In a January 13, 2013 blog post, the Federal Trade Commission’s Bureau of Consumer Protection’s Business Center Blog highlighted the FTC’s recent groundbreaking settlement for violations of the Fair Credit Reporting Act (“FCRA”) in the mobile app context. The settlement with Filiquarian Publishing, LLC, Choice Level, LLC, and Joshua Linsk (the owner of Filiquarian and Choice Level, collectively, the “Companies”), is the first FCRA enforcement action against a mobile app developer. Filiquarian offered mobile apps to consumers for purposes of conducting criminal background checks in numerous states, and Choice Level provided the criminal background checks used by the apps to Filiquarian.

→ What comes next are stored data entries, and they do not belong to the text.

(* Let $A_1,\dots,A_n$ be independent events with probabilities $p_1,\dots,p_n\in(0,1)$ and let $r_1,\dots,r_n\ge0$ satisfy $\sum_{i\in S} r_i+\prod_{i\in S}(1-p_i)\le 1$ for every $S\subseteq\{1,\dots,n\}$. Suppose this inequality holds with equality for some set $S_0$. Then there is a probability distribution over permutations $\pi$ of $\{1,\dots,n\}$ (chosen independently of the events) such that $\Pr(A_i$ occurs and no $A_j$ with $j$ preceding $i$ in $\pi$ occurs$)\ge r_i$ for every $i$, and such that every permutation with positive probability places all elements of $S_0$ before all elements outside $S_0$. *)

theory Defs
  imports "HOL-Probability.Probability" "HOL-Combinatorics.Permutations"
begin

text \<open>A permutation of {1..n} is encoded by its position function \<sigma> (\<sigma> permutes {1..n});
  j precedes i in \<sigma> iff \<sigma> j < \<sigma> i.\<close>
definition first_event :: "nat \<Rightarrow> (nat \<Rightarrow> 'a set) \<Rightarrow> (nat \<Rightarrow> nat) \<Rightarrow> nat \<Rightarrow> 'a set" where
  "first_event n A \<sigma> i = A i - (\<Union>j\<in>{j\<in>{1..n}. \<sigma> j < \<sigma> i}. A j)"

end

theory Submission
  imports Defs
begin

(* Write N = {1..n} and f(S) = Pr(\<Union>j\<in>S. A j).  For a linear order \<sigma> of N, the
   probability that A i occurs while no predecessor of i does is the marginal value
   f(P \<union> {i}) - f(P), P being the set of predecessors of i in \<sigma>.  By independence
   f(S) = 1 - \<Prod>i\<in>S. (1 - p i), so the hypotheses say that r lies in the polymatroid
   {y. \<forall>S \<subseteq> N. y(S) \<le> f(S)} of the submodular function f and that S0 is tight for r.
   The rest is polyhedral combinatorics of set functions, developed in this order:
    1. along a tight set T a base of f splits into a base of f restricted to T and a base of
       the contraction of f by T; concatenating orders of the two parts puts T first;
    2. every point of the base polytope of any set function with f {} = 0 is the expected
       marginal vector of a random order (induction on |N|: split along a proper tight set,
       or write the point as a mixture of two bases that have one);
    3. for submodular f, every point of the polymatroid is dominated by a base (raise the
       coordinates one by one; tight sets are closed under union).
   Since S0 is tight for r \<le> x it is tight for the base x, so 1 and 2 give a random order with
   S0 first and expected marginals x \<ge> r; finally orders are renamed to permutations of {1..n}. *)

section \<open>Marginal vectors, bases and random orders\<close>

text \<open>A linear order of N is encoded by an injective key function \<sigma> (j precedes i iff
  \<sigma> j < \<sigma> i).  The marginal value of i is the increase of f when i joins its predecessors.\<close>
definition marginal :: "(nat set \<Rightarrow> real) \<Rightarrow> nat set \<Rightarrow> (nat \<Rightarrow> nat) \<Rightarrow> nat \<Rightarrow> real" where
  "marginal f N \<sigma> i = f (insert i {j\<in>N. \<sigma> j < \<sigma> i}) - f {j\<in>N. \<sigma> j < \<sigma> i}"

definition in_base :: "(nat set \<Rightarrow> real) \<Rightarrow> nat set \<Rightarrow> (nat \<Rightarrow> real) \<Rightarrow> bool" where
  "in_base f N x \<longleftrightarrow> (\<forall>S\<subseteq>N. sum x S \<le> f S) \<and> sum x N = f N"

definition has_proper_tight_set :: "(nat set \<Rightarrow> real) \<Rightarrow> nat set \<Rightarrow> (nat \<Rightarrow> real) \<Rightarrow> bool" where
  "has_proper_tight_set f N x \<longleftrightarrow> (\<exists>T. T \<subseteq> N \<and> T \<noteq> {} \<and> T \<noteq> N \<and> sum x T = f T)"

definition contraction :: "(nat set \<Rightarrow> real) \<Rightarrow> nat set \<Rightarrow> nat set \<Rightarrow> real" where
  "contraction f T S = f (S \<union> T) - f T"

definition marginal_mixture :: "(nat set \<Rightarrow> real) \<Rightarrow> nat set \<Rightarrow> (nat \<Rightarrow> real) \<Rightarrow> (nat \<Rightarrow> nat) pmf \<Rightarrow> bool" where
  "marginal_mixture f N x D \<longleftrightarrow> finite (set_pmf D) \<and> (\<forall>\<sigma>\<in>set_pmf D. inj_on \<sigma> N) \<and>
     (\<forall>i\<in>N. measure_pmf.expectation D (\<lambda>\<sigma>. marginal f N \<sigma> i) = x i)"

lemma marginal_mixture_cong:
  "marginal_mixture f N y D \<Longrightarrow> (\<And>k. k \<in> N \<Longrightarrow> y k = x k) \<Longrightarrow> marginal_mixture f N x D"
  by (simp add: marginal_mixture_def)

lemma marginal_mixture_mix:
  assumes "marginal_mixture f N y1 D1" "marginal_mixture f N y2 D2" "0 \<le> l" "l \<le> 1"
  shows "marginal_mixture f N (\<lambda>k. l * y1 k + (1 - l) * y2 k)
           (bernoulli_pmf l \<bind> (\<lambda>b. if b then D1 else D2))"
  unfolding marginal_mixture_def
proof (intro conjI ballI)
  show "finite (set_pmf (bernoulli_pmf l \<bind> (\<lambda>b. if b then D1 else D2)))"
    using assms by (auto simp: marginal_mixture_def)
next
  fix \<sigma> assume "\<sigma> \<in> set_pmf (bernoulli_pmf l \<bind> (\<lambda>b. if b then D1 else D2))"
  then show "inj_on \<sigma> N" using assms by (auto simp: marginal_mixture_def split: if_splits)
next
  fix i assume i: "i \<in> N"
  have "measure_pmf.expectation (bernoulli_pmf l \<bind> (\<lambda>b. if b then D1 else D2)) (\<lambda>\<sigma>. marginal f N \<sigma> i)
     = (\<Sum>b\<in>UNIV. pmf (bernoulli_pmf l) b *\<^sub>R
          measure_pmf.expectation (if b then D1 else D2) (\<lambda>\<sigma>. marginal f N \<sigma> i))"
    using assms by (intro pmf_expectation_bind) (auto simp: marginal_mixture_def)
  also have "\<dots> = l * y1 i + (1 - l) * y2 i"
    using assms i by (simp add: UNIV_bool marginal_mixture_def)
  finally show "measure_pmf.expectation (bernoulli_pmf l \<bind> (\<lambda>b. if b then D1 else D2))
      (\<lambda>\<sigma>. marginal f N \<sigma> i) = l * y1 i + (1 - l) * y2 i" .
qed

section \<open>Concatenating orders along a tight set\<close>

definition concat_order :: "nat set \<Rightarrow> (nat \<Rightarrow> nat) \<Rightarrow> (nat \<Rightarrow> nat) \<Rightarrow> nat \<Rightarrow> nat" where
  "concat_order T a b k = (if k \<in> T then a k else b k + Suc (\<Sum>t\<in>T. a t))"

lemma concat_order_first:
  "finite T \<Longrightarrow> i \<in> T \<Longrightarrow> j \<notin> T \<Longrightarrow> concat_order T a b i < concat_order T a b j"
  using member_le_sum[of i T a] by (simp add: concat_order_def)

lemma concat_order_predecessors_inside:
  assumes "finite T" "T \<subseteq> N" "i \<in> T"
  shows "{j\<in>N. concat_order T a b j < concat_order T a b i} = {j\<in>T. a j < a i}"
  using member_le_sum[of i T a] assms by (auto simp: concat_order_def)

lemma concat_order_predecessors_outside:
  assumes "finite T" "T \<subseteq> N" "i \<in> N - T"
  shows "{j\<in>N. concat_order T a b j < concat_order T a b i} = T \<union> {j\<in>N-T. b j < b i}"
  using member_le_sum[of _ T a] assms by (force simp: concat_order_def)

lemma concat_order_inj:
  assumes "finite T" "inj_on a T" "inj_on b (N - T)"
  shows "inj_on (concat_order T a b) N"
proof (rule inj_onI)
  fix x y assume xy: "x \<in> N" "y \<in> N" "concat_order T a b x = concat_order T a b y"
  consider "x \<in> T" "y \<in> T" | "x \<notin> T" "y \<notin> T" | "x \<in> T \<longleftrightarrow> y \<notin> T" by blast
  then show "x = y"
  proof cases
    case 3
    then show ?thesis
      using xy concat_order_first[OF assms(1), of x y a b] concat_order_first[OF assms(1), of y x a b]
      by auto
  qed (use xy assms in \<open>auto simp: concat_order_def inj_on_def\<close>)
qed

lemma marginal_concat_order_inside:
  assumes "finite T" "T \<subseteq> N" "i \<in> T"
  shows "marginal f N (concat_order T a b) i = marginal f T a i"
  unfolding marginal_def concat_order_predecessors_inside[OF assms] ..

lemma marginal_concat_order_outside:
  assumes "finite T" "T \<subseteq> N" "i \<in> N - T"
  shows "marginal f N (concat_order T a b) i = marginal (contraction f T) (N - T) b i"
proof -
  have "insert i {j\<in>N-T. b j < b i} \<union> T = insert i (T \<union> {j\<in>N-T. b j < b i})"
       "{j\<in>N-T. b j < b i} \<union> T = T \<union> {j\<in>N-T. b j < b i}" by auto
  then show ?thesis
    unfolding marginal_def contraction_def concat_order_predecessors_outside[OF assms] by simp
qed

lemma marginal_mixture_concat:
  assumes "finite N" "T \<subseteq> N" "marginal_mixture f T x D1"
    "marginal_mixture (contraction f T) (N - T) x D2"
  shows "\<exists>D. marginal_mixture f N x D \<and> (\<forall>\<sigma>\<in>set_pmf D. \<forall>i\<in>T. \<forall>j\<in>N-T. \<sigma> i < \<sigma> j)"
proof -
  have fT: "finite T" using assms finite_subset by blast
  define D where "D = map_pmf (\<lambda>z. concat_order T (fst z) (snd z)) (pair_pmf D1 D2)"
  have "marginal_mixture f N x D"
    unfolding marginal_mixture_def
  proof (intro conjI ballI)
    show "finite (set_pmf D)" using assms by (simp add: D_def marginal_mixture_def)
  next
    fix \<sigma> assume "\<sigma> \<in> set_pmf D"
    then show "inj_on \<sigma> N"
      using assms fT by (auto simp: D_def marginal_mixture_def intro!: concat_order_inj)
  next
    fix i assume i: "i \<in> N"
    show "measure_pmf.expectation D (\<lambda>\<sigma>. marginal f N \<sigma> i) = x i"
    proof (cases "i \<in> T")
      case True
      have "measure_pmf.expectation D (\<lambda>\<sigma>. marginal f N \<sigma> i) =
          measure_pmf.expectation (pair_pmf D1 D2) (\<lambda>z. marginal f T (fst z) i)"
        unfolding D_def integral_map_pmf using marginal_concat_order_inside[OF fT assms(2) True] by simp
      also have "\<dots> = x i"
        using assms(3) True expectation_pair_pmf_fst[of D1 D2 "\<lambda>\<sigma>. marginal f T \<sigma> i"]
        by (simp add: marginal_mixture_def)
      finally show ?thesis .
    next
      case False
      have "measure_pmf.expectation D (\<lambda>\<sigma>. marginal f N \<sigma> i) =
          measure_pmf.expectation (pair_pmf D1 D2) (\<lambda>z. marginal (contraction f T) (N - T) (snd z) i)"
        unfolding D_def integral_map_pmf using marginal_concat_order_outside[OF fT assms(2)] i False
        by simp
      also have "\<dots> = x i"
        using assms(4) i False
          expectation_pair_pmf_snd[of D1 D2 "\<lambda>\<sigma>. marginal (contraction f T) (N - T) \<sigma> i"]
        by (simp add: marginal_mixture_def)
      finally show ?thesis .
    qed
  qed
  moreover have "\<forall>\<sigma>\<in>set_pmf D. \<forall>i\<in>T. \<forall>j\<in>N-T. \<sigma> i < \<sigma> j"
    using concat_order_first[OF fT] by (auto simp: D_def)
  ultimately show ?thesis by blast
qed

lemma in_base_restrict:
  "in_base f N y \<Longrightarrow> T \<subseteq> N \<Longrightarrow> sum y T = f T \<Longrightarrow> in_base f T y"
  by (auto simp: in_base_def)

lemma in_base_contract:
  assumes "finite N" "in_base f N y" "T \<subseteq> N" "sum y T = f T"
  shows "in_base (contraction f T) (N - T) y"
  unfolding in_base_def contraction_def
proof (intro conjI allI impI)
  have fT: "finite T" using assms finite_subset by blast
  fix S assume S: "S \<subseteq> N - T"
  then have "sum y (S \<union> T) = sum y S + sum y T"
    using fT assms(1) finite_subset by (intro sum.union_disjoint) auto
  moreover have "S \<union> T \<subseteq> N" using S assms(3) by auto
  then have "sum y (S \<union> T) \<le> f (S \<union> T)" using assms(2) by (simp add: in_base_def)
  ultimately show "sum y S \<le> f (S \<union> T) - f T" using assms by simp
next
  have "sum y N = sum y (N - T) + sum y T"
    using assms by (metis finite_subset sum.subset_diff)
  moreover have "(N - T) \<union> T = N" using assms by auto
  ultimately show "sum y (N - T) = f ((N - T) \<union> T) - f T" using assms by (simp add: in_base_def)
qed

The complaint against the Companies alleged numerous violations of the FCRA, including that they (1) regularly furnished consumer reports to persons who did not have a permissible purpose to use them, (2) failed to ensure the accuracy of the reports, and (3) did not provide required notices to the users of the consumer reports. The Companies published disclaimers that the criminal background checks were not to be used to screen individuals for insurance, employment or credit and that the companies did not comply with the FCRA, but the FTC pointed out that those disclaimers were essentially meaningless. Rather, the FTC noted in the blog post, that “what triggers a company’s obligations under the FCRA” is the fact that it produces consumer reports that are used for employment, housing, credit or other similar purposes, and that no disclaimer could eliminate a company’s FCRA obligations.

The consent order between the FTC and the Companies prohibits them from (1) furnishing a consumer report to anyone without a permissible purpose under the FCRA, (2) not maintaining reasonable procedures to restrict the provision of such reports, (3) failing to ensure the accuracy of the information in the reports, and (4) neglecting to provide the “Notice to Users of Consumer Reports: Obligations of Users Under the FCRA” to all users and the “Notice to Furnishers of Information: Obligations of Furnishers Under the FCRA.” The consent order, which is effective for 20 years, also requires the Companies to retain records that show compliance with the order for five years, including the contact information for anyone that seeks to obtain the consumer reports as well as the Companies’ training and marketing materials.

The Business Center Blog post references the warning letters the FTC sent to mobile app developers in 2012, gently reminding background screening service providers that “[i]t’s wise to pay attention to what the FTC says in warning letters to other companies.”

Update: On May 1, 2013, the FTC approved the final settlement order with the Companies.